Setting impulse_response=True flips the treatment sequences for each \(h\) to \(d_{1:h} = (1, 0, \ldots, 0)\) versus \(d'_{1:h} = (0, \ldots, 0)\). This measures the effect of a one-period treatment shock at increasing horizons, much like an impulse response function in time series. It is particularly useful for studying how a transient policy intervention propagates through the system over time.
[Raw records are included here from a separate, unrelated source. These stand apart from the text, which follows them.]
lemma entry_keeps_balance:
  assumes "balanced_double_star n g" and choice: "entry_choice b c 0 c0 n g T"
  shows "balanced_double_star (Suc n) (g \<union> link n T)"
proof -
  obtain a a' A A' where lay: "star_layout n a a' A A'" and bal: "card A \<le> card A' + 1"
      "card A' \<le> card A + 1" and g: "g = double_star a a' A A'"
    using assms(1) unfolding balanced_double_star_def by blast
  show ?thesis
  proof (cases "card A' \<le> card A")
    case True
    then show ?thesis using entry_keeps_balance_side[OF lay True bal(1)] choice g by simp
  next
    case False
    then show ?thesis using entry_keeps_balance_side[OF star_layout_swap[OF lay], of T] bal choice g
      by (simp add: double_star_swap)
  qed
qed

text \<open>Every reachable network is the single node or a balanced double star.  Since all of
  these are pairwise stable, no best-response move is ever made; entries preserve the shape.\<close>
lemma reachable_balanced:
  assumes "reach b c 0 c0 n g"
  shows "(n = 1 \<and> g = {}) \<or> balanced_double_star n g"
  using assms
proof (induction rule: reach.induct)
  case start
  then show ?case by simp
next
  case (enter n g T)
  show ?case
  proof (cases "n = 1 \<and> g = {}")
    case True
    then have "T = 0" using enter.hyps(3) unfolding entry_choice_def accepts_def by simp
    then have "g \<union> link n T = double_star 0 1 {} {}" using True by (auto simp: double_star_def link_def)
    moreover have "star_layout (Suc n) 0 1 {} {}" using True unfolding star_layout_def by auto
    ultimately show ?thesis using balanced_double_starI by simp
  next
    case False
    then show ?thesis using enter.IH entry_keeps_balance[OF _ enter.hyps(3)] by blast
  qed
next
  case (move n g g')
  have "pairwise_stable b c 0 n g"
    using move.IH
  proof
    assume "n = 1 \<and> g = {}"
    then show ?thesis unfolding pairwise_stable_def by simp
  next
    assume "balanced_double_star n g"
    then show ?thesis using double_star_stable unfolding balanced_double_star_def by blast
  qed
  then show ?case using move.hyps(2) by contradiction
qed

end

section \<open>Shape of balanced double stars\<close>

lemma path_graph_one: "path_graph 1 {}"
  unfolding path_graph_def by (intro exI[of _ id]) auto

lemma path_graph_two:
  assumes "a \<noteq> a'" "{a, a'} = {..<2::nat}"
  shows "path_graph 2 (link a a')"
proof -
  define f where "f = (\<lambda>i::nat. if i = 0 then a else a')"
  have nodes: "{..<2::nat} = {0, 1}" by auto
  have "inj_on f {..<2}" unfolding inj_on_def f_def nodes using assms(1) by auto
  moreover have "f ` {..<2} = {a, a'}" unfolding f_def nodes by auto
  ultimately have "bij_betw f {..<2} {..<2}" unfolding bij_betw_def using assms(2) by simp
  moreover have "{i. Suc i < 2} = {0::nat}" by auto
  ultimately show ?thesis unfolding path_graph_def by (intro exI[of _ f]) (simp add: f_def)
qed

lemma path_graph_three:
  assumes "a \<noteq> a'" "a \<noteq> x" "a' \<noteq> x" "{a, a', x} = {..<3::nat}"
  shows "path_graph 3 (link a a' \<union> link a x)"
proof -
  define f where "f = (\<lambda>i::nat. if i = 0 then x else if i = 1 then a else a')"
  have nodes: "{..<3::nat} = {0, 1, 2}" by auto
  have "inj_on f {..<3}" unfolding inj_on_def f_def nodes using assms(1-3) by auto
  moreover have "f ` {..<3} = {a, a', x}" unfolding f_def nodes by auto
  ultimately have "bij_betw f {..<3} {..<3}" unfolding bij_betw_def using assms(4) by simp
  moreover have "{i. Suc i < 3} = {0::nat, 1}" by auto
  moreover have "link a a' \<union> link a x = link x a \<union> link a a'" by (auto simp: link_def)
  ultimately show ?thesis unfolding path_graph_def by (intro exI[of _ f]) (simp add: f_def)
qed

lemma small_double_star_path:
  assumes lay: "star_layout n a a' A A'" and small: "n \<le> 3" and le: "card A' \<le> card A"
  shows "path_graph n (double_star a a' A A')"
proof -
  note facts = star_layout_facts[OF lay]
  have cover: "A \<union> A' = {..<n} - {a, a'}" using lay unfolding star_layout_def by auto
  have n: "n = card A + card A' + 2" using star_layout_card[OF lay] .
  then have "card A' = 0" using small le by simp
  then have "A' = {}" using facts(13) by simp
  show ?thesis
  proof (cases "A = {}")
    case True
    then have "double_star a a' A A' = link a a'" "n = 2" using \<open>A' = {}\<close> n
      by (auto simp: double_star_def)
    moreover have "{a, a'} = {..<2}" using cover True \<open>A' = {}\<close> facts(1-3) \<open>n = 2\<close> by auto
    ultimately show ?thesis using path_graph_two facts(3) by simp
  next
    case False
    then have "card A \<noteq> 0" using facts(12) by simp
    then have "card A = 1" using n small \<open>A' = {}\<close> by simp
    then obtain x where A: "A = {x}" using card_1_singletonE by blast
    then have "double_star a a' A A' = link a a' \<union> link a x" "n = 3" using \<open>A' = {}\<close> n
      by (auto simp: double_star_def)
    moreover have "{a, a', x} = {..<3}" using cover A \<open>A' = {}\<close> facts(1-3) \<open>n = 3\<close> by auto
    ultimately show ?thesis using path_graph_three facts(3-5) A by simp
  qed
qed

lemma balanced_double_star_shape:
  assumes "balanced_double_star n g"
  shows "(n \<le> 3 \<longrightarrow> path_graph n g) \<and> (4 \<le> n \<longrightarrow> two_star n g)"
proof -
  obtain a a' A A' where lay: "star_layout n a a' A A'" and bal: "card A \<le> card A' + 1"
      "card A' \<le> card A + 1" and g: "g = double_star a a' A A'"
    using assms unfolding balanced_double_star_def by blast
  have n: "n = card A + card A' + 2" using star_layout_card[OF lay] .
  have "two_star n g" if "4 \<le> n"
  proof -
    have "A \<noteq> {}" "A' \<noteq> {}" using that n bal by auto
    then show ?thesis unfolding two_star_def g double_star_def
      using that lay bal unfolding star_layout_def
      by (intro conjI exI[of _ a] exI[of _ a'] exI[of _ A] exI[of _ A']) simp_all
  qed
  moreover have "path_graph n g" if small: "n \<le> 3"
  proof (cases "card A' \<le> card A")
    case True
    then show ?thesis using small_double_star_path[OF lay small] g by simp
  next
    case False
    then show ?thesis using small_double_star_path[OF star_layout_swap[OF lay] small] g
      by (simp add: double_star_swap)
  qed
  ultimately show ?thesis by blast
qed

theorem corollary1:
  fixes b :: "nat \<Rightarrow> real" and c c0 :: real and n :: nat and g :: graph
  assumes b_pos: "\<And>i. 1 \<le> i \<Longrightarrow> 0 < b i"
    and b_dec: "\<And>i. 1 \<le> i \<Longrightarrow> b (Suc i) < b i"
    and c_lo: "b 1 - b 3 \<le> c" and c_hi: "c < b 1"
    and c0_lo: "b 2 - b 3 < c0" and c0_hi: "c0 < b 2 - b 4"
    and reached: "reach b c 0 c0 n g"
    and stable: "pairwise_stable b c 0 n g"
  shows "(n \<le> 3 \<longrightarrow> path_graph n g) \<and> (4 \<le> n \<longrightarrow> two_star n g)"
proof -
  interpret formation_parameters b c c0
    using b_pos b_dec c_lo c_hi c0_lo c0_hi by unfold_locales
  have "(n = 1 \<and> g = {}) \<or> balanced_double_star n g"
    using reachable_balanced[OF reached] .
  then show ?thesis
  proof
    assume "n = 1 \<and> g = {}"
    then show ?thesis using path_graph_one by simp
  next
    assume "balanced_double_star n g"
    then show ?thesis by (rule balanced_double_star_shape)
  qed
qed

end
Heterogeneous effects across periods#

The final_periods option estimates treatment effects at multiple final time points, holding the treatment histories fixed. This reveals whether the same treatment sequence produces different outcomes at different calendar times, which could reflect time-varying confounders, cohort effects, or secular trends.

Note

For formal proofs, the connection to marginal structural models, detailed comparisons with local projections and DiD, and extensive Monte Carlo evidence, see the full paper by Viviano and Bradic (2026).